Now we will test our prediction of wt, qsec and am being predictor of mpg.
fit1<- lm(mpg ~ wt + qsec + am, data = mtcars)
fit2<- lm(mpg ~ wt + qsec, data = mtcars)
Now data population. Two data frames for
data1 = data.frame(wt = mean(mtcars$wt), qsec = mean(mtcars$qsec), am = 0)
data2 = data.frame(wt = mean(mtcars$wt), qsec = mean(mtcars$qsec), am = 1)
Now using predict function
predict_am0<- predict(fit1, newdata = data1, level=0.95, interval="confidence")
predict_am1<- predict(fit1, newdata = data2, level=0.95, interval="confidence")
predict_withoutam<-predict(fit2, newdata = data1, level=0.95, interval="confidence")
predict_test<-rbind(predict_am0,predict_am1,predict_withoutam)
kable(x = predict_test,align = NULL, padding = 10,caption = "Comparision of prediction test")
| fit | lwr | upr | |
|---|---|---|---|
| 1 | 18.89794 | 17.42441 | 20.37147 |
| 1 | 21.83378 | 19.90054 | 23.76702 |
| 1 | 20.09062 | 19.15198 | 21.02927 |
There is difference of 3 mpg units as earlier predicted between predicted values for Automatic (predict_am0) and Manual (predict_am1) Without using am as variable for prediction (predict_withoutam) value lies in between earlier two predictions.
This indicates am mode makes a difference but not a huge differnce. Prediction of mpg if done with am can result more or less within the limits.
Form our analysis we can infer the following
Manual transmission mode gives 7.25 mpg more than autromatic, but that is not a good prediction as variance explained is only 34%.

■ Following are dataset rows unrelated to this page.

text \<open>For \<open>x\<close> normalizing but not centralizing the quasi-simple group \<open>M\<close>, the subgroup
  generated by the quotients \<open>a b\<^sup>-\<^sup>1\<close> of the \<open>M\<close>-orbit of \<open>x\<close> is normal in \<open>M\<close> and not
  central (it contains the commutators \<open>[m, x]\<close>), hence it is all of \<open>M\<close>. So the \<open>M\<close>-orbit of
  \<open>x\<close> generates a subgroup containing \<open>M\<close>, and it has more than two elements, since otherwise
  those quotients would commute and \<open>M\<close> would be abelian.

  Now pick \<open>s \<in> T\<close> conjugate to \<open>r\<close> in \<open>G\<close> but not in \<open>M\<close>, and let \<open>H\<close> be generated by
  the \<open>M\<close>-orbits of \<open>r\<close> and \<open>s\<close>. Then \<open>M \<le> H \<le> M T\<close>, and as \<open>T\<close> is abelian the
  \<open>H\<close>-orbits of \<open>r\<close> and \<open>s\<close> are their \<open>M\<close>-orbits. These two orbits generate subgroups
  containing the non-abelian \<open>M\<close>, so they contain non-commuting elements \<open>r'\<close>, \<open>s'\<close>, which
  witness that the class of \<open>r\<close> is of type C.\<close>

context group
begin

section \<open>Conjugation orbits\<close>

lemma inv_mult_cancel_left [simp]:
  "x \<in> carrier G \<Longrightarrow> y \<in> carrier G \<Longrightarrow> inv x \<otimes> (x \<otimes> y) = y"
  by (simp add: m_assoc[symmetric])

lemma mult_inv_cancel_left [simp]:
  "x \<in> carrier G \<Longrightarrow> y \<in> carrier G \<Longrightarrow> x \<otimes> (inv x \<otimes> y) = y"
  by (simp add: m_assoc[symmetric])

lemma conj_orbit_subset_carrier:
  "H \<subseteq> carrier G \<Longrightarrow> x \<in> carrier G \<Longrightarrow> conj_orbit G H x \<subseteq> carrier G"
  unfolding conj_orbit_def by blast

lemma conj_orbit_mono: "H \<subseteq> K \<Longrightarrow> conj_orbit G H x \<subseteq> conj_orbit G K x"
  unfolding conj_orbit_def by blast

lemma conj_orbit_self:
  "subgroup H G \<Longrightarrow> x \<in> carrier G \<Longrightarrow> x \<in> conj_orbit G H x"
  unfolding conj_orbit_def using subgroup.one_closed by force

lemma conj_orbit_trans:
  assumes H: "subgroup H G" and x: "x \<in> carrier G"
    and y: "y \<in> conj_orbit G H x" and z: "z \<in> conj_orbit G H y"
  shows "z \<in> conj_orbit G H x"
proof -
  obtain h k where h: "h \<in> H" "y = h \<otimes> x \<otimes> inv h" and k: "k \<in> H" "z = k \<otimes> y \<otimes> inv k"
    using y z unfolding conj_orbit_def by blast
  have "z = (k \<otimes> h) \<otimes> x \<otimes> inv (k \<otimes> h)"
    using h k x subgroup.mem_carrier[OF H] by (simp add: m_assoc inv_mult_group)
  moreover have "k \<otimes> h \<in> H" using h k H by (simp add: subgroup.m_closed)
  ultimately show ?thesis unfolding conj_orbit_def by blast
qed
(* Let $\beta$ be an ordered partition of $N$. For every $x\in X^\beta$ we have $\bar W^{\beta(x)}x\subseteq W^\beta$, and the map $\bigsqcup_{x\in X^\beta}\bar W^{\beta(x)}\to W^\beta$, $w\mapsto wx$ (for $w$ in the copy indexed by $x$), is a bijection.
   Context: Fix $N\ge2$. $\bar P=\bigoplus_{i=1}^N\mathbb Z\epsilon_i$ with $(\epsilon_i,\epsilon_j)=\delta_{ij}$; $\bar R=\{\alpha_{ij}=\epsilon_i-\epsilon_j:i\ne j\}$, $\bar R_+=\{\alpha_{ij}:i<j\}$, $\alpha_i=\alpha_{i,i+1}$, $\bar\Pi=\{\alpha_1,\dots,\alpha_{N-1}\}$; $\bar P_-=\{\eta\in\bar P:(\eta,\alpha)\le0\ \forall\alpha\in\bar R_+\}$. $\bar W=\mathfrak S_N$ acts by permuting indices; $W=\bar W\ltimes\bar P$ with elements $wt_\eta$, $wt_\eta w^{-1}=t_{w(\eta)}$. Affine roots (with formal $\delta$): $R=\{\bar\alpha+k\delta:\bar\alpha\in\bar R,k\in\mathbb Z\}$, $R_+=\{\bar\alpha+k\delta:\bar\alpha\in\bar R_+,k\ge0\}\cup\{-\bar\alpha+k\delta:\bar\alpha\in\bar R_+,k>0\}$, $R_-=R\setminus R_+$; $W$ acts on $R$ by $w(\bar\alpha+k\delta)=w(\bar\alpha)+k\delta$, $t_\eta(\bar\alpha+k\delta)=\bar\alpha+(k-(\eta,\bar\alpha))\delta$; $l(w)=\#(R_+\cap w^{-1}(R_-))$. An ordered partition $\gamma$ of $N$ gives blocks of consecutive indices of sizes $\gamma_1,\dots,\gamma_r$; $\bar R_\gamma=\{\alpha_{ij}:i,j\text{ in the same block}\}$, $\bar R_{\gamma,+}=\bar R_\gamma\cap\bar R_+$, $\bar\Pi_\gamma=\bar\Pi\cap\bar R_\gamma$, $\bar W_\gamma$ generated by $s_\alpha$, $\alpha\in\bar\Pi_\gamma$; $W^\gamma=\{w\in W:l(wu)\ge l(w)\ \forall u\in\bar W_\gamma\}$, $\bar W^\gamma=W^\gamma\cap\bar W$. For $w\in W$, $\beta(w)$ denotes the ordered partition of $N$ with $\bar\Pi_{\beta(w)}=\bar\Pi\cap w(\bar R_{\beta,+})$. For $w\in\bar W^\beta$, $\eta_w\in\bar P_-$ is defined by $(\eta_w,\epsilon_1)=0$ and $(\eta_w,\alpha_i)=-1$ if $\alpha_i\in w(\bar R_+\setminus\bar R_{\beta,+})$, $0$ otherwise; $\bar P_-(w)=\{\eta+\eta_w:\eta\in\bar P_-\}$; $X^\beta=\{t_\eta w:w\in\bar W^\beta,\eta\in\bar P_-(w)\}$. *)

theory Defs
  imports "HOL-Combinatorics.Permutations"
begin
lemma Sset_subset_component:
  assumes ls: "length_space TYPE('a::metric_space)" and U: "ball (x::'a) (4*\<rho>) \<subseteq> U"
    and a: "a \<in> components (U - {x})" and y: "y \<in> a" "dist x y < \<rho>"
    and \<delta>: "0 < \<delta>" "\<delta> < dist x y" "3*\<delta> \<le> \<rho>"
    and Z: "Z \<subseteq> \<Union>(components (U - {x}) - {a}) \<inter> ball x \<delta>"
  shows "Sset y (dist x y - \<delta>) (dist x y) Z \<subseteq> a \<inter> ball x \<delta>"
proof
  fix w assume "w \<in> Sset y (dist x y - \<delta>) (dist x y) Z"
  then obtain z where w: "dist x y - \<delta> < dist y w" "dist y w < dist x y"
    and "z \<in> Z" and wz: "dist y w + dist w z = dist y z"
    using \<delta> unfolding Sset_def annulus_def by auto
  then obtain b where b: "b \<in> components (U - {x})" "b \<noteq> a" "z \<in> b" "dist x z < \<delta>"
    using Z by (force simp: subset_iff)
  have yz: "dist y z = dist y x + dist x z"
    by (rule dist_across_components[OF ls U a b(1)]) (use y \<delta> b in auto)
  have "dist x w < 3*\<delta>"
    using dist_triangle[of x w z] wz yz w b(4) by (simp add: dist_commute)
  have "w \<in> U - {x}" using U \<open>dist x w < 3*\<delta>\<close> \<delta> w by (auto simp: dist_commute)
  then obtain c where c: "c \<in> components (U - {x})" "w \<in> c"
    by (metis UnionE Union_components)
  have "c = a"
  proof (rule ccontr)
    assume "c \<noteq> a"
    have "dist y w = dist y x + dist x w"
      by (rule dist_across_components[OF ls U a c(1)]) (use \<open>c \<noteq> a\<close> y c \<delta> \<open>dist x w < 3*\<delta>\<close> in auto)
    then show False using w by (simp add: dist_commute)
  qed
  have "dist w z = dist w x + dist x z"
    by (rule dist_across_components[OF ls U c(1) b(1)]) (use \<open>c = a\<close> b c \<delta> \<open>dist x w < 3*\<delta>\<close> in auto)
  then have "dist x w < \<delta>" using wz yz w by (simp add: dist_commute)
  with c \<open>c = a\<close> show "w \<in> a \<inter> ball x \<delta>" by simp
qed

lemma sk_pos_near_zero:
  obtains R where "R > 0" "\<And>t. 0 < t \<Longrightarrow> t < R \<Longrightarrow> 0 < sk k t"
proof
  define R where "R = (if k > 0 then pi / sqrt k else 1)"
  show "R > 0" by (simp add: R_def)
  fix t assume "0 < t" "t < R"
  then show "0 < sk k t"
    by (auto simp: sk_def R_def field_simps intro!: divide_pos_pos sin_gt_zero split: if_splits)
qed

lemma continuous_on_sk: "continuous_on A (sk k)"
proof -
  consider "k > 0" | "k = 0" | "k < 0" by linarith
  then show ?thesis
  proof cases
    case 1
    then have "sk k = (\<lambda>t. sin (sqrt k * t) / sqrt k)" by (auto simp: sk_def fun_eq_iff)
    then show ?thesis using 1 by (simp add: continuous_intros)
  next
    case 2
    then have "sk k = (\<lambda>t. t)" by (auto simp: sk_def fun_eq_iff)
    then show ?thesis by (simp add: continuous_intros)
  next
    case 3
    then have "sk k = (\<lambda>t. sinh (sqrt (-k) * t) / sqrt (-k))" by (auto simp: sk_def fun_eq_iff)
    then show ?thesis using 3 by (simp add: sinh_def continuous_intros)
  qed
qed

lemma continuous_on_rpow_sk:
  assumes "\<And>t. t \<in> A \<Longrightarrow> sk k t > 0"
  shows "continuous_on A (\<lambda>t. rpow (sk k t) n)"
proof (cases "n = 1")
  case True
  then show ?thesis by (simp add: rpow_def)
next
  case False
  have "continuous_on A (\<lambda>t. sk k t powr (n - 1))"
    using assms by (intro continuous_on_powr continuous_on_sk continuous_on_const) force
  then show ?thesis
    by (rule continuous_on_cong[THEN iffD1, rotated 2]) (use assms False in \<open>auto simp: rpow_def\<close>)
qed

lemma Vkn_nonneg:
  assumes "n > 0"
  shows "0 \<le> Vkn k n r1 r2"
proof -
  have "0 \<le> integral {r1..r2} (\<lambda>t. rpow (sk k t) n)"
    by (cases "(\<lambda>t. rpow (sk k t) n) integrable_on {r1..r2}")
      (auto simp: rpow_def not_integrable_integral intro!: integral_nonneg)
  then show ?thesis
    using assms by (simp add: Vkn_def alpha_def)
qed
lemma slope_mono:
  assumes "0 < x" "x \<le> y" "y \<le> 1"
  shows "psi x / x \<le> psi y / y"
proof -
  consider "x = y" | "y < 1" "x < y" | "y = 1" "x < 1"
    using assms by linarith
  then show ?thesis
  proof cases
    case 3
    have cont: "continuous_on {x..1} (\<lambda>w. psi w / w)"
      using assms(1) by (intro continuous_intros continuous_on_subset[OF continuous]) auto
    have above: "\<forall>w\<in>{x<..<1}. psi x / x \<le> psi w / w"
      using assms(1) by (auto intro!: less_imp_le[OF slope_less])
    have "psi x / x \<le> psi 1 / 1"
      by (rule continuous_on_ge_at_right_endpoint[OF cont _ _ above]) (use 3 in auto)
    with 3 show ?thesis by simp
  qed (use assms in \<open>auto intro: less_imp_le slope_less\<close>)
qed

lemma slope_pos:
  assumes "0 < y" "y \<le> 1"
  shows "0 < psi y / y"
proof -
  have "0 \<le> psi (y / 2) / (y / 2)"
    using nonneg assms by (simp add: zero_le_divide_iff)
  also have "\<dots> < psi (3 * y / 4) / (3 * y / 4)"
    using assms by (intro slope_less) auto
  also have "\<dots> \<le> psi y / y"
    using assms by (intro slope_mono) auto
  finally show ?thesis .
qed

lemma strict_mono: "strict_mono_on {0..1} psi"
proof (rule strict_mono_onI)
  fix x y :: real assume "x \<in> {0..1}" "y \<in> {0..1}" "x < y"
  then show "psi x < psi y"
  proof (cases "x = 0")
    case False
    with \<open>x \<in> {0..1}\<close> have "0 < x" by simp
    have "psi x = x * (psi x / x)"
      using \<open>0 < x\<close> by simp
    also have "\<dots> \<le> x * (psi y / y)"
      using \<open>0 < x\<close> \<open>x < y\<close> \<open>y \<in> {0..1}\<close> by (intro mult_left_mono slope_mono) auto
    also have "\<dots> < y * (psi y / y)"
      using \<open>0 < x\<close> \<open>x < y\<close> \<open>y \<in> {0..1}\<close> slope_pos[of y] by (intro mult_strict_right_mono) auto
    finally show ?thesis
      using \<open>0 < x\<close> \<open>x < y\<close> by simp
  qed (use slope_pos[of y] zero in \<open>auto simp: zero_less_divide_iff\<close>)
qed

If we add Weight (wt) and acceleration (qsec) than Manual transmission mode gives 2.9 mpg better than automatic. This is a very good prediction as r squared is at 84%. Much better than earlier ratio.
Prediction of mpg without transmission mode can be done without transmission mode also with r squared ratio at 81% (model fit2).
Overall, there are better predictors of mpg than transmission mode.
Diagnostic plots of the residuals for model fit 2.
par(mfrow=c(2,2))
plot(fit2)
The residuals have some outliers but overall normally distributed.